Management: Documentation

documentationMy management course is now officially over. I feel that I learned a lot. I think I will actually be a better manager. That doesn’t mean I am terrible now, or that I will be perfect later, but I have gained the knowledge of several specific activities/actions that I can do to be a better manager. The last two things I will endeavor to do better are (1) documentation and (2) progressive discipline. In this post, I will discuss my new approach to documentation.

When I took the management course I thought I was documenting what was going on in the lab enough. Here is what I was doing before:

  1. I have people give weekly lab meetings. They make a weekly Powerpoint that goes into a Dropbox Folder.
  2. Everyone is supposed to write a report at the end of each semester and at the end of the summer. The report has specific things for them to write about. It includes them doing a self-evaluation.
  3. When I met with people one-on-one, I took notes in some notebook.

But, I realize that I can’t remember what people in the lab did over the entire last year. I can only remember the last 3 months. And, I don’t go back to look at those things they produced before. Sometimes they don’t do what I ask, and I don’t have Powerpoints in Dropbox or end of semester reports. Then, I have nothing to document what they did. Further, these are all self-documentations of stuff they did as they saw it. It is useful, but they are not necessarily my impressions of what they did or (more importantly) how they performed. I realized I needed a new system.

My first thought was to have paper files for each person where I write my thoughts and comments, but then I was worried my office might look like that picture above, and decided against it. Instead, I asked around at the management course, and a couple of people there were already documenting things well. They have a word document (or other program- pick your favorite) for each employee. Whenever the person does something good, they write it down and date it. If the person does something bad, they write it down and date it. By the end of the year, when they need to do an annual review, they have all the goods and bads documented, and can just pull up the document and read it to remind themselves.

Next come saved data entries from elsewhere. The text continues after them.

lemma sw_info_eq: "sw_info b T = real T * (real T - 2) * (2 + b - b * real T) / 12"
proof -
  have "sw_info b T = (\<Sum>i=1..T-1. gls_inner b T (sw_xc T i) (sw_x i))"
  proof -
    have "gls_inner b T (sw_xc T i) (sw_xc T i)
        = gls_inner b T (sw_xc T i) (sw_x i) - gls_inner b T (sw_xbar T) (sw_xc T i)" for i
    proof -
      have "sw_xc T i = (\<lambda>j. sw_x i j - sw_xbar T j)" by (rule ext) (simp add: sw_xc_def)
      then show ?thesis
        by (metis gls_inner_commute gls_inner_diff_left)
    qed
    moreover have "(\<Sum>i=1..T-1. gls_inner b T (sw_xbar T) (sw_xc T i)) = 0"
      by (rule sum_gls_inner_eq_0) (rule sum_sw_xc)
    ultimately show ?thesis by (simp add: sw_info_def sum_subtractf)
  qed
  also have "\<dots> = (\<Sum>i=1..T-1. (\<Sum>j=1..T. sw_x i j * (1 - sw_xbar T j))
                                 - b * ((real T / 2 - real i) * (real T - real i)))"
    by (rule sum.cong[OF refl]) (rule gls_inner_sw_xc_sw_x)
  also have "\<dots> = (\<Sum>i=1..T-1. \<Sum>j=1..T. sw_x i j * (1 - sw_xbar T j))
      - b * (\<Sum>i=1..T-1. (real T / 2 - real i) * (real T - real i))"
    by (simp only: sum_subtractf sum_distrib_left)
  also have "(\<Sum>i=1..T-1. (real T / 2 - real i) * (real T - real i))
      = (\<Sum>i=1..T-1. real T * real T / 2 + - 3 * real T / 2 * real i + 1 * (real i)\<^sup>2)"
    by (rule sum.cong) (simp_all add: field_simps power2_eq_square)
  also have "(\<Sum>i=1..T-1. \<Sum>j=1..T. sw_x i j * (1 - sw_xbar T j))
      - b * (\<Sum>i=1..T-1. real T * real T / 2 + - 3 * real T / 2 * real i + 1 * (real i)\<^sup>2)
      = real T * (real T - 2) * (2 + b - b * real T) / 12"
  proof -
    obtain m where "real (T - 1) = m" "real T = m + 1" "m \<noteq> 0"
      by (rule real_T_pred_cases)
    then show ?thesis
      unfolding sum_sw_x_one_minus_xbar sum_quadratic_poly by (simp add: field_simps)
  qed
  finally show ?thesis .
qed

lemma gls_inner_sw_Z_sw_xc:
  assumes i: "i \<in> {1..T-1}" and e: "e \<in> {1..T-1}"
  shows "gls_inner b T (\<lambda>j. sw_Z i j e) (sw_xc T i) =
    (if i + e \<le> T then 1 - (real i + real e - 1) / real (T - 1) - b * (real T / 2 - real i) else 0)"
proof -
  have Z: "(\<lambda>j. sw_Z i j e) = (\<lambda>j. if j = i + e then 1 else 0)"
    using e by (intro ext) (auto simp: sw_Z_def sw_exptime_def)
  have "sw_xc T i (i + e) = 1 - (real i + real e - 1) / real (T - 1)" if "i + e \<le> T"
    using that e by (simp add: sw_xc_def sw_x_def sw_xbar_eq)
  then show ?thesis
    unfolding Z gls_inner_indicator_left sum_sw_xc_cluster[OF i] using i by auto
qed

lemma sum_gls_inner_sw_Z_sw_xc:
  assumes e: "e \<in> {1..T-1}"
  shows "(\<Sum>i=1..T-1. gls_inner b T (\<lambda>j. sw_Z i j e) (sw_xc T i)) =
    (real T - real e) * ((b - 1 - b * real T) * real e + (1 + b) * (real T - 1)) / (2 * (real T - 1))"
proof -
  have "(\<Sum>i=1..T-1. gls_inner b T (\<lambda>j. sw_Z i j e) (sw_xc T i))
      = (\<Sum>i=1..T-1. if i + e \<le> T
           then 1 - (real i + real e - 1) / real (T - 1) - b * (real T / 2 - real i) else 0)"
    by (rule sum.cong[OF refl]) (rule gls_inner_sw_Z_sw_xc[OF _ e])
  also have "\<dots> = (\<Sum>i\<in>{i\<in>{1..T-1}. i + e \<le> T}.
           1 - (real i + real e - 1) / real (T - 1) - b * (real T / 2 - real i))"
    by (rule sum.inter_filter[symmetric]) simp
  also have "{i\<in>{1..T-1}. i + e \<le> T} = {1..T-e}" using e by auto
  also have "(\<Sum>i=1..T-e. 1 - (real i + real e - 1) / real (T - 1) - b * (real T / 2 - real i))
      = (\<Sum>i=1..T-e. (1 - (real e - 1) / real (T - 1) - b * real T / 2)
                      + (b - 1 / real (T - 1)) * real i + 0 * (real i)\<^sup>2)"
    by (intro sum.cong refl) (simp add: diff_divide_distrib add_divide_distrib algebra_simps)
  also have "\<dots> = (real T - real e) * ((b - 1 - b * real T) * real e + (1 + b) * (real T - 1))
                  / (2 * (real T - 1))"
  proof -
    have "e \<le> T" using e by auto
    then have "real (T - e) = real T - real e" by (simp add: of_nat_diff)
    moreover obtain m where "real (T - 1) = m" "real T = m + 1" "m \<noteq> 0"
      by (rule real_T_pred_cases)
    ultimately show ?thesis
      unfolding sum_quadratic_poly by (simp add: field_simps)
  qed
  finally show ?thesis .
qed

lemma sw_score_mean:
  "sw_score b T (\<lambda>i j. beta j + (\<Sum>e=1..T-1. sw_Z i j e * delta e)) =
    (\<Sum>e=1..T-1. (real T - real e) * ((b - 1 - b * real T) * real e + (1 + b) * (real T - 1))
                  * delta e) / (2 * (real T - 1))"
proof -
  have "sw_score b T (\<lambda>i j. beta j + (\<Sum>e=1..T-1. sw_Z i j e * delta e))
      = (\<Sum>i=1..T-1. gls_inner b T beta (sw_xc T i))
        + (\<Sum>e=1..T-1. delta e * (\<Sum>i=1..T-1. gls_inner b T (\<lambda>j. sw_Z i j e) (sw_xc T i)))"
    unfolding sw_score_def gls_inner_add_left gls_inner_sum_left gls_inner_mult_left sum.distrib
    by (subst sum.swap) (simp add: sum_distrib_left)
  also have "(\<Sum>i=1..T-1. gls_inner b T beta (sw_xc T i)) = 0"
    by (rule sum_gls_inner_eq_0) (rule sum_sw_xc)
  also have "(\<Sum>e=1..T-1. delta e * (\<Sum>i=1..T-1. gls_inner b T (\<lambda>j. sw_Z i j e) (sw_xc T i)))
      = (\<Sum>e=1..T-1. delta e * ((real T - real e) * ((b - 1 - b * real T) * real e
                                  + (1 + b) * (real T - 1)) / (2 * (real T - 1))))"
    by (intro sum.cong refl arg_cong[where f="\<lambda>x. delta _ * x"] sum_gls_inner_sw_Z_sw_xc)
  finally show ?thesis
    by (simp add: sum_divide_distrib ac_simps)
qed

Based on this approach, I made my own plan. Here is my plan:

  1. I have a word document for each person.
  2. When I have a one-on-one meeting with the person where we discuss what will be done, experiments, things for graduate program, tasks, I will write it up there and date it. For tasks and assignments, I will copy and paste it into an email, so we are all on the same page.
  3. I will also monthly or twice a month write my impressions from the most recent weeks. I will say things like, “GradStudent did a good job this week on xyz experiment,” or, “Postdoc was OK, but needs to focus on ABC and defocus from LNMO. Jenny will have a discussion with Postdoc about this within a week.”
  4. I will use this information for grad students when talking to their committees. I will use this information for postdocs when writing their letters for jobs. I will use this information for undergrads when writing letters of recommendation or determining their grades for semester research credits. I will use this information for technicians when performing their yearly evaluations.
  5. I will use this information when documenting performance and if I need to implement “progressive discipline.” What is progressive discipline? Tune in next time to find out more.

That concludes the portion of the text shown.